Introduction: In view of the modifications in the endocrine society guidelines on evaluation and management of children with congenital adrenal hyperplasia (CAH), we performed a review of children and adolescents with CAH.
Material and methods: An audit of 35 children with CAH presenting to the pediatric endocrinology clinic between January 2014 to November 2021 was conducted by formulating ten audit questions. The areas of focus included: genital reconstructive surgery, neonatal screening for CAH, stress dosing, need for adrenocorticotrophic hormone (ACTH) stimulation test, growth promoting therapy, bone age assessment, adrenal imaging, bone mineral density assessment, adequacy of hormone replacement and appropriate management of non-classical CAH.

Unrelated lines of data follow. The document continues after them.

(* In the setting of the context, for the iterates of ARDCA started at any $u^0\in\mathbb{D}$, we have $z^k\in\mathbb{D}$, $u^k\in\mathbb{D}$ and $v^k\in\mathbb{D}$ for all $k\ge0$ (for every realization of the random indices).
   Context: Integers $n,t\ge1$, $p,m\ge0$, $\widehat n=n+p+m$, $\mathbb{D}=\{u\in\mathbb{R}^{\widehat n}:u_{n+p+1},\dots,u_{\widehat n}\ge0\}$. Data $A\in\mathbb{R}^{t\times n}$ (columns $A_j$), $B\in\mathbb{R}^{p\times t}$ (rows $B_{j,:}$), $b\in\mathbb{R}^p$, $\mu$-strongly convex $f:\mathbb{R}^t\to\mathbb{R}$, convex $M$-Lipschitz $\phi_i:\mathbb{R}\to\mathbb{R}$ ($i\le n$), convex $g_i:\mathbb{R}^t\to\mathbb{R}$ ($i\le m$) with subgradients bounded in norm by $L_{g_i}$. $L_f(x,u)=f(x)+\langle u_{1:n},A^Tx/n\rangle+\langle u_{n+1:n+p},Bx+b\rangle+\sum_iu_{n+p+i}g_i(x)$, $x^*(u)=\arg\min_xL_f(x,u)$, $d(u)=-L_f(x^*(u),u)$, differentiable on $\mathbb{D}$ with gradient $-[(A^Tx^*(u)/n)^T,(Bx^*(u)+b)^T,g_1(x^*(u)),\dots,g_m(x^*(u))]^T$. $h_i=\frac1n\phi_i^*$ for $i\le n$, $h_i\equiv0$ for $n<i\le n+p$, $h_i(s)=0$ if $s\ge0$ and $+\infty$ else for $i>n+p$. $L_j=\|A_j\|^2/(n^2\mu)$ ($j\le n$), $\|B_{j-n,:}\|^2/\mu$ ($n<j\le n+p$), $L_{g_{j-n-p}}^2/\mu$ ($j>n+p$). ARDCA: $\theta_0=1/\widehat n$, $\theta_{k+1}=\frac{\sqrt{\theta_k^4+4\theta_k^2}-\theta_k^2}{2}$; $z^0=u^0$; for $k\ge0$: $v^k=\theta_kz^k+(1-\theta_k)u^k$; $i_k$ uniform on $\{1,\dots,\widehat n\}$; $z^{k+1}_{i_k}=\arg\min_{w\in\mathbb{R}}\widehat n\theta_kL_{i_k}(w-z^k_{i_k})^2+\nabla_{i_k}d(v^k)(w-z^k_{i_k})+h_{i_k}(w)$, $z^{k+1}_j=z^k_j$ ($j\ne i_k$); $u^{k+1}=v^k+\widehat n\theta_k(z^{k+1}-z^k)$. *)

theory Defs
  imports "HOL-Analysis.Analysis"
begin

definition strongly_convex :: "real \<Rightarrow> ('a::real_inner \<Rightarrow> real) \<Rightarrow> bool" where
  "strongly_convex mu f \<longleftrightarrow> (\<forall>x y. \<forall>l::real. 0 \<le> l \<and> l \<le> 1 \<longrightarrow>
     f (l *\<^sub>R x + (1 - l) *\<^sub>R y) \<le> l * f x + (1 - l) * f y - mu / 2 * l * (1 - l) * (norm (x - y))\<^sup>2)"

definition is_subgrad :: "('a::real_inner \<Rightarrow> real) \<Rightarrow> 'a \<Rightarrow> 'a \<Rightarrow> bool" where
  "is_subgrad g x s \<longleftrightarrow> (\<forall>y. g y \<ge> g x + s \<bullet> (y - x))"

definition fconj :: "(real \<Rightarrow> real) \<Rightarrow> real \<Rightarrow> ereal" where
  "fconj phi s = (SUP x. ereal (s * x - phi x))"

(* dual vectors u in R^{nhat}, represented as nat => real with coordinates 1..nhat *)
definition domD :: "nat \<Rightarrow> nat \<Rightarrow> nat \<Rightarrow> (nat \<Rightarrow> real) set" where
  "domD n p m = {u. \<forall>j\<in>{n+p+1..n+p+m}. 0 \<le> u j}"

(* Lagrangian L_f(x,u); A j = column A_j (j=1..n), B j = row B_{j,:} (j=1..p) *)
definition Lag :: "nat \<Rightarrow> nat \<Rightarrow> nat \<Rightarrow> ('t::real_inner \<Rightarrow> real) \<Rightarrow> (nat \<Rightarrow> 't) \<Rightarrow> (nat \<Rightarrow> 't)
     \<Rightarrow> (nat \<Rightarrow> real) \<Rightarrow> (nat \<Rightarrow> 't \<Rightarrow> real) \<Rightarrow> 't \<Rightarrow> (nat \<Rightarrow> real) \<Rightarrow> real" where
  "Lag n p m f A B b g x u = f x + (\<Sum>j=1..n. u j * ((A j \<bullet> x) / real n))
     + (\<Sum>j=1..p. u (n+j) * (B j \<bullet> x + b j)) + (\<Sum>j=1..m. u (n+p+j) * g j x)"

definition xstar where
  "xstar n p m f A B b g u = (SOME x. \<forall>y. Lag n p m f A B b g x u \<le> Lag n p m f A B b g y u)"

definition grad_d where
  "grad_d n p m f A B b g u j =
     (let x = xstar n p m f A B b g u in
      if j \<le> n then - ((A j \<bullet> x) / real n)
      else if j \<le> n + p then - (B (j - n) \<bullet> x + b (j - n))
      else - g (j - n - p) x)"

definition hfun :: "nat \<Rightarrow> nat \<Rightarrow> (nat \<Rightarrow> real \<Rightarrow> real) \<Rightarrow> nat \<Rightarrow> real \<Rightarrow> ereal" where
  "hfun n p phi i s =
     (if i \<le> n then ereal (1 / real n) * fconj (phi i) s
      else if i \<le> n + p then 0
      else (if 0 \<le> s then 0 else \<infinity>))"

definition Lconst :: "nat \<Rightarrow> nat \<Rightarrow> real \<Rightarrow> (nat \<Rightarrow> 't::real_inner) \<Rightarrow> (nat \<Rightarrow> 't) \<Rightarrow> (nat \<Rightarrow> real) \<Rightarrow> nat \<Rightarrow> real" where
  "Lconst n p mu A B Lg j =
     (if j \<le> n then (norm (A j))\<^sup>2 / ((real n)\<^sup>2 * mu)
      else if j \<le> n + p then (norm (B (j - n)))\<^sup>2 / mu
      else (Lg (j - n - p))\<^sup>2 / mu)"

primrec theta :: "nat \<Rightarrow> nat \<Rightarrow> real" where
  "theta nh 0 = 1 / real nh"
| "theta nh (Suc k) = (sqrt (theta nh k ^ 4 + 4 * theta nh k ^ 2) - theta nh k ^ 2) / 2"

(* ARDCA iterates z, u, v driven by the index sequence ik (one realization);
   z^{k+1}_{i_k} is required to be a minimizer of the coordinate subproblem *)
definition ardca :: "nat \<Rightarrow> nat \<Rightarrow> nat \<Rightarrow> (nat \<Rightarrow> real) \<Rightarrow> (nat \<Rightarrow> real \<Rightarrow> ereal) \<Rightarrow> ((nat \<Rightarrow> real) \<Rightarrow> nat \<Rightarrow> real)
     \<Rightarrow> (nat \<Rightarrow> nat) \<Rightarrow> (nat \<Rightarrow> nat \<Rightarrow> real) \<Rightarrow> (nat \<Rightarrow> nat \<Rightarrow> real) \<Rightarrow> (nat \<Rightarrow> nat \<Rightarrow> real) \<Rightarrow> bool" where
  "ardca n p m L h grad ik z u v \<longleftrightarrow>
     (let nh = n + p + m in
      z 0 = u 0 \<and>
      (\<forall>k. v k = (\<lambda>j. theta nh k * z k j + (1 - theta nh k) * u k j)) \<and>
      (\<forall>k. \<forall>j. j \<noteq> ik k \<longrightarrow> z (Suc k) j = z k j) \<and>
      (\<forall>k. \<forall>w. ereal (real nh * theta nh k * L (ik k) * (z (Suc k) (ik k) - z k (ik k))\<^sup>2
                 + grad (v k) (ik k) * (z (Suc k) (ik k) - z k (ik k))) + h (ik k) (z (Suc k) (ik k))
             \<le> ereal (real nh * theta nh k * L (ik k) * (w - z k (ik k))\<^sup>2
                 + grad (v k) (ik k) * (w - z k (ik k))) + h (ik k) w) \<and>
      (\<forall>k. u (Suc k) = (\<lambda>j. v k j + real nh * theta nh k * (z (Suc k) j - z k j))))"

end

theory Submission
  imports Defs
begin

(* On a constrained coordinate j > n + p the function h_j is the indicator of [0, \<infinity>), so a
   negative coordinate minimizer would have infinite value and every z^k stays feasible.
   Writing N = n + p + m, the momentum iterate satisfies
     u^{k+1}_j - N \<theta>_k z^{k+1}_j = (1 - \<theta>_k) u^k_j + (1 - N) \<theta>_k z^k_j =: r_k,
   and r_k \<ge> 0 propagates because N \<theta>_k (1 - \<theta>_{k+1}) \<ge> (N - 1) \<theta>_{k+1}, a consequence of
   \<theta>_{k+1}^2 = \<theta>_k^2 (1 - \<theta>_{k+1}) and \<theta>_k \<le> 1/N. Hence u^k \<ge> 0, and v^k is a convex
   combination of z^k and u^k. Only the shape of the h_j matters. *)

lemma theta_Suc_sq: "theta nh (Suc k)^2 = theta nh k^2 * (1 - theta nh (Suc k))"
proof -
  define t where "t = theta nh k"
  define w where "w = sqrt (t^4 + 4 * t^2)"
  have w_sq: "w^2 = t^4 + 4 * t^2" by (simp add: w_def)
  have "theta nh (Suc k) = (w - t^2) / 2" by (simp add: t_def w_def)
  moreover have "((w - t^2) / 2)^2 - t^2 * (1 - (w - t^2) / 2) = (w^2 - t^4 - 4 * t^2) / 4"
    by (simp add: power2_eq_square power4_eq_xxxx field_simps)
  ultimately show ?thesis using w_sq by (simp add: t_def)
qed

lemma theta_pos: "0 < nh \<Longrightarrow> 0 < theta nh k"
proof (induction k)
  case (Suc k)
  then have "(theta nh k ^ 2)^2 < theta nh k ^ 4 + 4 * theta nh k ^ 2" by simp
  then show ?case by (simp add: real_less_rsqrt)
qed simp

(* From here on \<theta>_{k+1} is handled through theta_Suc_sq instead of its closed form. *)
declare theta.simps(2) [simp del]

lemma quadratic_root_bounds:
  fixes t x :: real
  assumes "0 < t" "0 < x" "x^2 = t^2 * (1 - x)"
  shows "x < t" "t * (1 - t) < x"
proof -
  have "x^2 < t^2" using assms by (simp add: mult_less_cancel_left_pos)
  then show "x < t" using assms(1) by (simp add: power_less_imp_less_base)
  show "t * (1 - t) < x"
  proof (rule ccontr)
    assume le: "\<not> t * (1 - t) < x"
    then have "x^2 \<le> (t * (1 - t))^2" using assms(2) by (intro power_mono) auto
    then have "1 - x \<le> (1 - t)^2" using assms(1,3) by (simp add: power_mult_distrib)
    then show False using le assms(1) by (simp add: power2_eq_square algebra_simps)
  qed
qed

lemma theta_Suc_bounds:
  assumes "0 < nh"
  shows "theta nh (Suc k) < theta nh k" "theta nh k * (1 - theta nh k) < theta nh (Suc k)"
  using quadratic_root_bounds[OF theta_pos theta_pos theta_Suc_sq] assms by auto

lemma theta_le: "0 < nh \<Longrightarrow> theta nh k \<le> 1 / real nh"
proof (induction k)
  case (Suc k)
  then show ?case using theta_Suc_bounds(1)[of nh k] by simp
qed simp

lemma theta_Suc_weight:
  assumes "0 < nh"
  shows "(real nh - 1) * theta nh (Suc k) \<le> real nh * theta nh k * (1 - theta nh (Suc k))"
proof -
  define N where "N = real nh"
  define t where "t = theta nh k"
  define x where "x = theta nh (Suc k)"
  have t: "0 < t" "N * t \<le> 1" and x: "0 < x"
    using theta_pos[OF assms] theta_le[OF assms, of k] assms by (auto simp: N_def t_def x_def field_simps)
  have "(N - 1) * t = N * t - N * t * t + (N * t * t - t)" by (simp add: algebra_simps)
  also have "\<dots> \<le> N * (t * (1 - t))" using t by (simp add: algebra_simps mult_right_mono)
  also have "\<dots> \<le> N * x" using theta_Suc_bounds(2)[OF assms, of k] assms by (simp add: N_def t_def x_def)
  finally have "(N - 1) * t * x \<le> N * x^2" using x by (simp add: power2_eq_square mult_right_mono)
  also have "\<dots> = N * (t^2 * (1 - x))" using theta_Suc_sq[of nh k] by (simp add: t_def x_def)
  also have "\<dots> = (N * t * (1 - x)) * t" by (simp add: power2_eq_square algebra_simps)
  finally show ?thesis using t(1) by (simp add: N_def t_def x_def mult.commute mult.left_commute)
qed

lemma theta_le_1: "0 < nh \<Longrightarrow> theta nh k \<le> 1"
  using theta_le[of nh k] by (simp add: order_trans)

lemma momentum_nonneg:
  fixes N :: real and \<theta> z u :: "nat \<Rightarrow> real"
  assumes N: "0 \<le> N" "N * \<theta> 0 \<le> 1"
    and \<theta>: "\<And>k. 0 \<le> \<theta> k" "\<And>k. \<theta> k \<le> 1"
    and weight: "\<And>k. (N - 1) * \<theta> (Suc k) \<le> N * \<theta> k * (1 - \<theta> (Suc k))"
    and z: "\<And>k. 0 \<le> z k"
    and u_0: "u 0 = z 0"
    and u_Suc: "\<And>k. u (Suc k) = \<theta> k * z k + (1 - \<theta> k) * u k + N * \<theta> k * (z (Suc k) - z k)"
  shows "0 \<le> u k"
proof -
  define r where "r k = (1 - \<theta> k) * u k + (1 - N) * \<theta> k * z k" for k
  have u_Suc_r: "u (Suc k) = r k + N * \<theta> k * z (Suc k)" for k
    by (simp add: u_Suc r_def algebra_simps)
  have r_nonneg: "0 \<le> r k" for k
  proof (induction k)
    case 0
    have "r 0 = (1 - N * \<theta> 0) * z 0" by (simp add: r_def u_0 algebra_simps)
    then show ?case using N(2) z[of 0] by simp
  next
    case (Suc k)
    have "r (Suc k) = (1 - \<theta> (Suc k)) * r k
        + (N * \<theta> k * (1 - \<theta> (Suc k)) - (N - 1) * \<theta> (Suc k)) * z (Suc k)"
      by (simp add: r_def u_Suc_r algebra_simps)
    then show ?case using Suc \<theta>(2)[of "Suc k"] weight[of k] z[of "Suc k"] by simp
  qed
  show ?thesis
  proof (cases k)
    case (Suc k')
    then show ?thesis using u_Suc_r[of k'] r_nonneg[of k'] N(1) \<theta>(1)[of k'] z[of k] by simp
  qed (simp add: u_0 z)
qed

lemma ardca_z_mem_domD:
  assumes ardca: "ardca n p m L (hfun n p phi) grad ik z u v" and z_0: "z 0 \<in> domD n p m"
  shows "z k \<in> domD n p m"
proof (induction k)
  case (Suc k)
  let ?nh = "n + p + m" and ?i = "ik k"
  have keep: "z (Suc k) j = z k j" if "j \<noteq> ?i" for j
    using ardca that by (simp add: ardca_def Let_def)
  have minimal: "ereal (real ?nh * theta ?nh k * L ?i * (z (Suc k) ?i - z k ?i)\<^sup>2
        + grad (v k) ?i * (z (Suc k) ?i - z k ?i)) + hfun n p phi ?i (z (Suc k) ?i)
      \<le> ereal (real ?nh * theta ?nh k * L ?i * (0 - z k ?i)\<^sup>2
        + grad (v k) ?i * (0 - z k ?i)) + hfun n p phi ?i 0"
    using ardca unfolding ardca_def Let_def by blast
  show ?case unfolding domD_def
  proof (intro CollectI ballI)
    fix j assume j: "j \<in> {n+p+1..n+p+m}"
    show "0 \<le> z (Suc k) j"
    proof (cases "j = ?i")
      case True
      have "hfun n p phi j s = (if 0 \<le> s then 0 else \<infinity>)" for s
        using j by (simp add: hfun_def)
      then show ?thesis using minimal True by (auto split: if_splits)
    qed (use Suc j keep in \<open>auto simp: domD_def\<close>)
  qed
qed (rule z_0)

lemma ardca_u_mem_domD:
  assumes ardca: "ardca n p m L h grad ik z u v" and nh: "0 < n + p + m"
    and z: "\<And>k. z k \<in> domD n p m"
  shows "u k \<in> domD n p m"
  unfolding domD_def
proof (intro CollectI ballI)
  fix j assume j: "j \<in> {n+p+1..n+p+m}"
  let ?nh = "n + p + m"
  have "z 0 = u 0" and u_Suc: "u (Suc k) j = theta ?nh k * z k j + (1 - theta ?nh k) * u k j
      + real ?nh * theta ?nh k * (z (Suc k) j - z k j)" for k
    using ardca by (simp_all add: ardca_def Let_def algebra_simps)
  show "0 \<le> u k j"
  proof (rule momentum_nonneg[where N = "real ?nh" and \<theta> = "theta ?nh"
        and z = "\<lambda>k. z k j" and u = "\<lambda>k. u k j"])
    show "real ?nh * theta ?nh 0 \<le> 1" using nh by simp
    show "0 \<le> z k j" for k using z[of k] j by (simp add: domD_def)
    show "0 \<le> theta ?nh k" "theta ?nh k \<le> 1" for k
      using theta_pos[OF nh, of k] theta_le_1[OF nh, of k] by simp_all
    show "(real ?nh - 1) * theta ?nh (Suc k) \<le> real ?nh * theta ?nh k * (1 - theta ?nh (Suc k))" for k
      by (rule theta_Suc_weight[OF nh])
  qed (use \<open>z 0 = u 0\<close> u_Suc in simp_all)
qed

lemma ardca_v_mem_domD:
  assumes ardca: "ardca n p m L h grad ik z u v" and nh: "0 < n + p + m"
    and "z k \<in> domD n p m" "u k \<in> domD n p m"
  shows "v k \<in> domD n p m"
proof -
  have "v k = (\<lambda>j. theta (n + p + m) k * z k j + (1 - theta (n + p + m) k) * u k j)"
    using ardca by (simp add: ardca_def Let_def)
  then show ?thesis
    using assms(3,4) less_imp_le[OF theta_pos[OF nh]] theta_le_1[OF nh, of k]
    by (auto simp: domD_def)
qed

theorem lemma3:
  fixes n p m :: nat and mu M :: real
    and A :: "nat \<Rightarrow> real^'t" and B :: "nat \<Rightarrow> real^'t" and b :: "nat \<Rightarrow> real"
    and f :: "real^'t \<Rightarrow> real" and phi :: "nat \<Rightarrow> real \<Rightarrow> real"
    and g :: "nat \<Rightarrow> real^'t \<Rightarrow> real" and Lg :: "nat \<Rightarrow> real"
    and ik :: "nat \<Rightarrow> nat" and z u v :: "nat \<Rightarrow> nat \<Rightarrow> real"
  assumes "n \<ge> 1"
    and "mu > 0" and "strongly_convex mu f"
    and "\<And>i. i \<in> {1..n} \<Longrightarrow> convex_on UNIV (phi i) \<and> M-lipschitz_on UNIV (phi i)"
    and "\<And>i. i \<in> {1..m} \<Longrightarrow> convex_on UNIV (g i)"
    and "\<And>i x s. i \<in> {1..m} \<Longrightarrow> is_subgrad (g i) x s \<Longrightarrow> norm s \<le> Lg i"
    and "\<And>k. ik k \<in> {1..n+p+m}"
    and "u 0 \<in> domD n p m"
    and "ardca n p m (Lconst n p mu A B Lg) (hfun n p phi) (grad_d n p m f A B b g) ik z u v"
  shows "\<forall>k. z k \<in> domD n p m \<and> u k \<in> domD n p m \<and> v k \<in> domD n p m"
proof -
  have nh: "0 < n + p + m" using assms(1) by simp
  have "z 0 = u 0" using assms(9) by (simp add: ardca_def Let_def)
  then have z: "z k \<in> domD n p m" for k using ardca_z_mem_domD[OF assms(9)] assms(8) by simp
  have u: "u k \<in> domD n p m" for k using ardca_u_mem_domD[OF assms(9) nh z] .
  show ?thesis using ardca_v_mem_domD[OF assms(9) nh z u] z u by blast
qed

end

Results: Conservative approach to genitoplasty in female children increased from 42.9% to 88.9%. Newborn screening identified 4 babies including two asymptomatic males averting saltwasting crisis. Stress dosing of steroids were advised in all and emergency usage of injectable glucocorticoids was warranted in two children. Gonadotropin-releasing hormone (GnRH) analogue therapy improved the final median predicted height by 7 cm in 5 children. Twenty-three (65.7%) had bone age assessment with 14 (40%) having advanced bone age. ACTH stimulation test, Adrenal imaging, dual energy X-ray absorptiometry (DEXA) scan were done in accordance with the guideline. One child with nonclassical CAH was initiated on hydrocortisone replacement for advanced bone age.
Conclusions: A shift to conservative surgical management of females, utility of neonatal screening for CAH, judicious use of growth promoting therapy is highlighted. Need for bone age testing, emergency hydrocortisone provision is warranted in our series.